§ Task goal
The answer should be each line from the entries below that has the word "allI" in it.

[Collected data]
· · ·
(* Generalised over the prefactor Q and the prefix V of nu for the induction. *)
lemma iter_res_Omega_det:
  fixes C P zs V Q :: "complex list"
  assumes "sinh \<eta> \<noteq> 0" "length C = length zs"
    and "distinct (C @ P)" "pairwise (sinh_separated \<eta>) (set (C @ P))"
  shows "iter_res (\<lambda>ws. (\<Prod>q\<leftarrow>Q. Ycal \<eta> \<xi> M \<kappa> q (V @ ws)) * Omega_det \<eta> \<xi> M \<kappa> (zs @ ws) (C @ P) (V @ ws)) P
       = (\<Prod>q\<leftarrow>Q @ P. Ycal \<eta> \<xi> M \<kappa> q (V @ P)) * Omega_det \<eta> \<xi> M \<kappa> zs C (V @ P)"
  using assms(3,4)
proof (induction P arbitrary: V Q)
  case Nil
  then show ?case by simp
next
  case (Cons p P)
  have sep: "sinh_separated \<eta> p c" if "c \<in> set (C @ P)" for c
    using Cons.prems that by (auto simp: pairwise_def)
  have distinct_C_P: "distinct (C @ P)"
    using Cons.prems(1) by simp
  have pairwise_C_P: "pairwise (sinh_separated \<eta>) (set (C @ P))"
    using Cons.prems(2) by (rule pairwise_subset) auto
  have step: "residue (\<lambda>w. (\<Prod>q\<leftarrow>Q. Ycal \<eta> \<xi> M \<kappa> q (V @ w # ws))
          * Omega_det \<eta> \<xi> M \<kappa> (zs @ w # ws) (C @ p # P) (V @ w # ws)) p
      = (\<Prod>q\<leftarrow>Q @ [p]. Ycal \<eta> \<xi> M \<kappa> q ((V @ [p]) @ ws))
          * Omega_det \<eta> \<xi> M \<kappa> (zs @ ws) (C @ P) ((V @ [p]) @ ws)"
    if "length ws = length P" for ws
  proof -
    have "(\<lambda>w. \<Prod>q\<leftarrow>Q. Ycal \<eta> \<xi> M \<kappa> q (V @ w # ws)) analytic_on {p}"
      by (intro analytic_intros)
    from residue_Omega_det[OF assms(1,2) that[symmetric] sep this]
    show ?thesis by (simp add: mult.assoc)
  qed
  have "iter_res (\<lambda>ws. (\<Prod>q\<leftarrow>Q. Ycal \<eta> \<xi> M \<kappa> q (V @ ws))
        * Omega_det \<eta> \<xi> M \<kappa> (zs @ ws) (C @ p # P) (V @ ws)) (p # P)
      = iter_res (\<lambda>ws. (\<Prod>q\<leftarrow>Q @ [p]. Ycal \<eta> \<xi> M \<kappa> q ((V @ [p]) @ ws))
        * Omega_det \<eta> \<xi> M \<kappa> (zs @ ws) (C @ P) ((V @ [p]) @ ws)) P"
    unfolding iter_res.simps by (rule iter_res_cong) (simp add: step)
  also have "\<dots> = (\<Prod>q\<leftarrow>(Q @ [p]) @ P. Ycal \<eta> \<xi> M \<kappa> q ((V @ [p]) @ P))
      * Omega_det \<eta> \<xi> M \<kappa> zs C ((V @ [p]) @ P)"
    by (rule Cons.IH[OF distinct_C_P pairwise_C_P])
  finally show ?case by simp
qed

lemma prod_list_map_drop:
  "n \<le> length xs \<Longrightarrow> (\<Prod>x\<leftarrow>drop n xs. f x) = (\<Prod>i\<in>{n..<length xs}. f (xs ! i))"
proof -
  assume "n \<le> length xs"
  then have "drop n xs = map ((!) xs) [n..<length xs]"
    by (intro nth_equalityI) auto
  then show ?thesis
    by (simp add: prod.distinct_set_conv_list[symmetric] comp_def)
qed

lemma iter_res_Omega_det_drop:
  assumes "sinh \<eta> \<noteq> 0" "length zs = n" "n \<le> length lams"
    and "distinct lams" "pairwise (sinh_separated \<eta>) (set lams)"
  shows "iter_res (\<lambda>ws. Omega_det \<eta> \<xi> M \<kappa> (zs @ ws) lams (zs @ ws)) (drop n lams)
       = (\<Prod>a\<in>{n..<length lams}. Ycal \<eta> \<xi> M \<kappa> (lams ! a) (zs @ drop n lams))
         * Omega_det \<eta> \<xi> M \<kappa> zs (take n lams) (zs @ drop n lams)"
proof -
  have "length (take n lams) = length zs"
    using assms(2,3) by simp
  from iter_res_Omega_det[OF assms(1) this, where P = "drop n lams" and Q = "[]" and V = zs] assms(4,5)
  have "iter_res (\<lambda>ws. Omega_det \<eta> \<xi> M \<kappa> (zs @ ws) lams (zs @ ws)) (drop n lams)
      = (\<Prod>q\<leftarrow>drop n lams. Ycal \<eta> \<xi> M \<kappa> q (zs @ drop n lams))
        * Omega_det \<eta> \<xi> M \<kappa> zs (take n lams) (zs @ drop n lams)"
    by simp
  also have "(\<Prod>q\<leftarrow>drop n lams. Ycal \<eta> \<xi> M \<kappa> q (zs @ drop n lams))
      = (\<Prod>a\<in>{n..<length lams}. Ycal \<eta> \<xi> M \<kappa> (lams ! a) (zs @ drop n lams))"
    by (rule prod_list_map_drop[OF assms(3)])
  finally show ?thesis .
qed

lemma generic_mono:
  assumes "generic k P" "\<And>xs. length xs = k \<Longrightarrow> P xs \<Longrightarrow> Q xs"
  shows "generic k Q"
  using assms unfolding generic_def subset_iff mem_Collect_eq by (elim exE conjE) (intro exI conjI, blast+)

lemma eventually_nearby_pair:
  fixes R :: "'a::metric_space \<Rightarrow> 'b::metric_space \<Rightarrow> bool"
  assumes "open {(x, y). R x y}" "R x y"
  shows "\<forall>\<^sub>F e in at_right 0. \<forall>u v. dist u x < e \<longrightarrow> dist v y < e \<longrightarrow> R u v"
proof -
  have "(x, y) \<in> {(x, y). R x y}"
    using assms(2) by simp
  then obtain A B where AB: "open A" "open B" "(x, y) \<in> A \<times> B" "A \<times> B \<subseteq> {(x, y). R x y}"
    by (rule open_prod_elim[OF assms(1)])
  obtain a where a: "a > 0" "ball x a \<subseteq> A"
    using AB by (auto elim: openE)
  obtain b where b: "b > 0" "ball y b \<subseteq> B"
    using AB by (auto elim: openE)
  have "R u v" if "dist u x < min a b" "dist v y < min a b" for u v
  proof -
    have "(u, v) \<in> A \<times> B"
      using that a b by (auto simp: dist_commute subset_iff)
    then show ?thesis using AB(4) by blast
  qed
  then show ?thesis
    unfolding eventually_at_right_field using \<open>a > 0\<close> \<open>b > 0\<close>
    by (intro exI[of _ "min a b"]) auto
qed

lemma distinct_pairwise_conv_nth:
  "distinct ys \<and> pairwise R (set ys)
     \<longleftrightarrow> (\<forall>i<length ys. \<forall>j<length ys. i \<noteq> j \<longrightarrow> ys ! i \<noteq> ys ! j \<and> R (ys ! i) (ys ! j))"
  (is "?lhs \<longleftrightarrow> ?rhs")
proof
  assume lhs: ?lhs
  show ?rhs
  proof (intro allI impI)
    fix i j assume ij: "i < length ys" "j < length ys" "i \<noteq> j"
    then have "ys ! i \<noteq> ys ! j"
      using lhs by (simp add: nth_eq_iff_index_eq)
    moreover have "R (ys ! i) (ys ! j)"
      using lhs ij calculation by (metis nth_mem pairwiseD)
    ultimately show "ys ! i \<noteq> ys ! j \<and> R (ys ! i) (ys ! j)" ..
  qed
next
  assume rhs: ?rhs
  then have "distinct ys"
    unfolding distinct_conv_nth by blast
  moreover have "R x y" if "x \<in> set ys" "y \<in> set ys" "x \<noteq> y" for x y
  proof -
    obtain i where i: "i < length ys" "x = ys ! i"
      using \<open>x \<in> set ys\<close> by (auto simp: in_set_conv_nth)
    obtain j where j: "j < length ys" "y = ys ! j"
      using \<open>y \<in> set ys\<close> by (auto simp: in_set_conv_nth)
    have "i \<noteq> j"
      using i j \<open>x \<noteq> y\<close> by blast
    then show ?thesis
      using rhs i j by blast
  qed
  ultimately show ?lhs
    by (simp add: pairwise_def)
qed

lemma eventually_nearby_distinct_pairwise:
  fixes R :: "'a::metric_space \<Rightarrow> 'a \<Rightarrow> bool"
  assumes "open {(x, y). R x y}" "distinct xs" "pairwise R (set xs)"
  shows "\<forall>\<^sub>F e in at_right 0. \<forall>ys. length ys = length xs \<and> (\<forall>i<length xs. dist (ys ! i) (xs ! i) < e)
           \<longrightarrow> distinct ys \<and> pairwise R (set ys)"
proof -
  define I where "I = {(i, j). i < length xs \<and> j < length xs \<and> i \<noteq> j}"
  have "{(x, y). x \<noteq> y \<and> R x y} = {(x, y) |x y. x \<noteq> y} \<inter> {(x, y). R x y}"
    by auto
  then have "open {(x, y). x \<noteq> y \<and> R x y}"
    using open_Int[OF open_diagonal_complement assms(1)] by (simp only:)
  then have "\<forall>\<^sub>F e in at_right 0. \<forall>u v. dist u (xs ! i) < e \<longrightarrow> dist v (xs ! j) < e \<longrightarrow> u \<noteq> v \<and> R u v"
    if "(i, j) \<in> I" for i j
    using that distinct_pairwise_conv_nth[THEN iffD1, OF conjI[OF assms(2,3)]] unfolding I_def
    by (intro eventually_nearby_pair[where R = "\<lambda>u v. u \<noteq> v \<and> R u v"]) auto
  moreover have "finite I"
    unfolding I_def by (rule finite_subset[of _ "{..<length xs} \<times> {..<length xs}"]) auto
  ultimately have "\<forall>\<^sub>F e in at_right 0. \<forall>(i, j)\<in>I. \<forall>u v. dist u (xs ! i) < e \<longrightarrow> dist v (xs ! j) < e \<longrightarrow> u \<noteq> v \<and> R u v"
    by (auto intro: eventually_ball_finite)
  then show ?thesis
  proof eventually_elim
    case (elim e)
    show ?case
    proof (intro allI impI)
      fix ys assume ys: "length ys = length xs \<and> (\<forall>i<length xs. dist (ys ! i) (xs ! i) < e)"
      then have "ys ! i \<noteq> ys ! j \<and> R (ys ! i) (ys ! j)" if "i < length ys" "j < length ys" "i \<noteq> j" for i j
        using elim that unfolding I_def by auto
      then show "distinct ys \<and> pairwise R (set ys)"
        unfolding distinct_pairwise_conv_nth by blast
    qed
  qed
qed

lemma nearby_distinct_pairwise_exists:
  fixes R :: "complex \<Rightarrow> complex \<Rightarrow> bool"
  assumes "e > 0" "symp R" "\<And>a. countable {y. \<not> R y a}"
  shows "\<exists>ys. length ys = length xs \<and> (\<forall>i<length xs. dist (ys ! i) (xs ! i) < e)
           \<and> distinct ys \<and> pairwise R (set ys)"
proof (induction xs)
  case (Cons x xs)
  then obtain ys where ys: "length ys = length xs" "\<forall>i<length xs. dist (ys ! i) (xs ! i) < e"
      "distinct ys" "pairwise R (set ys)"
    by blast
  have "countable (set ys \<union> (\<Union>a\<in>set ys. {y. \<not> R y a}))"
    using assms(3) by (simp add: countable_finite)
  then have "ball x e - (set ys \<union> (\<Union>a\<in>set ys. {y. \<not> R y a})) \<noteq> {}"
    by (rule ball_minus_countable_nonempty[OF _ \<open>e > 0\<close>])
  then obtain y where y: "y \<in> ball x e" "y \<notin> set ys \<union> (\<Union>a\<in>set ys. {y. \<not> R y a})"
    by blast
  have "pairwise R (set (y # ys))"
    using ys(4) y(2) \<open>symp R\<close> by (auto simp: pairwise_insert dest: sympD)
  moreover have "\<forall>i<length (x # xs). dist ((y # ys) ! i) ((x # xs) ! i) < e"
    using ys(2) y(1) by (auto simp: nth_Cons' dist_commute)
  ultimately show ?case
    using ys(1,3) y(2) by (intro exI[of _ "y # ys"]) auto
qed simp

lemma generic_distinct_pairwise:
  fixes R :: "complex \<Rightarrow> complex \<Rightarrow> bool"
  assumes "open {(x, y). R x y}" "symp R" "\<And>a. countable {y. \<not> R y a}"
  shows "generic k (\<lambda>xs. distinct xs \<and> pairwise R (set xs))"
  unfolding generic_def
proof (intro exI[of _ "{xs. length xs = k \<and> distinct xs \<and> pairwise R (set xs)}"] conjI ballI allI impI)
  fix xs assume "xs \<in> {xs. length xs = k \<and> distinct xs \<and> pairwise R (set xs)}"
  then have "length xs = k" and "\<forall>\<^sub>F e in at_right 0. \<forall>ys. length ys = length xs
      \<and> (\<forall>i<length xs. dist (ys ! i) (xs ! i) < e) \<longrightarrow> distinct ys \<and> pairwise R (set ys)"
    using eventually_nearby_distinct_pairwise[OF assms(1)] by auto
  moreover obtain e where "e > 0" "\<forall>ys. length ys = length xs
      \<and> (\<forall>i<length xs. dist (ys ! i) (xs ! i) < e) \<longrightarrow> distinct ys \<and> pairwise R (set ys)"
    using eventually_happens'[OF trivial_limit_at_right_real eventually_conj[OF eventually_at_right_less calculation(2)]]
    by blast
  ultimately show "\<exists>e>0. \<forall>ys. length ys = k \<and> (\<forall>i<k. dist (ys ! i) (xs ! i) < e)
      \<longrightarrow> ys \<in> {xs. length xs = k \<and> distinct xs \<and> pairwise R (set xs)}"
    by auto
next
  fix xs :: "complex list" and e :: real
  assume "length xs = k" "e > 0"
  then show "\<exists>ys\<in>{xs. length xs = k \<and> distinct xs \<and> pairwise R (set xs)}. \<forall>i<k. dist (ys ! i) (xs ! i) < e"
    using nearby_distinct_pairwise_exists[OF \<open>e > 0\<close> assms(2,3), of xs] by auto
qed auto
· · ·
§ Solution to the problem
  proof (intro allI impI)
    proof (intro allI impI)
proof (intro exI[of _ "{xs. length xs = k \<and> distinct xs \<and> pairwise R (set xs)}"] conjI ballI allI impI)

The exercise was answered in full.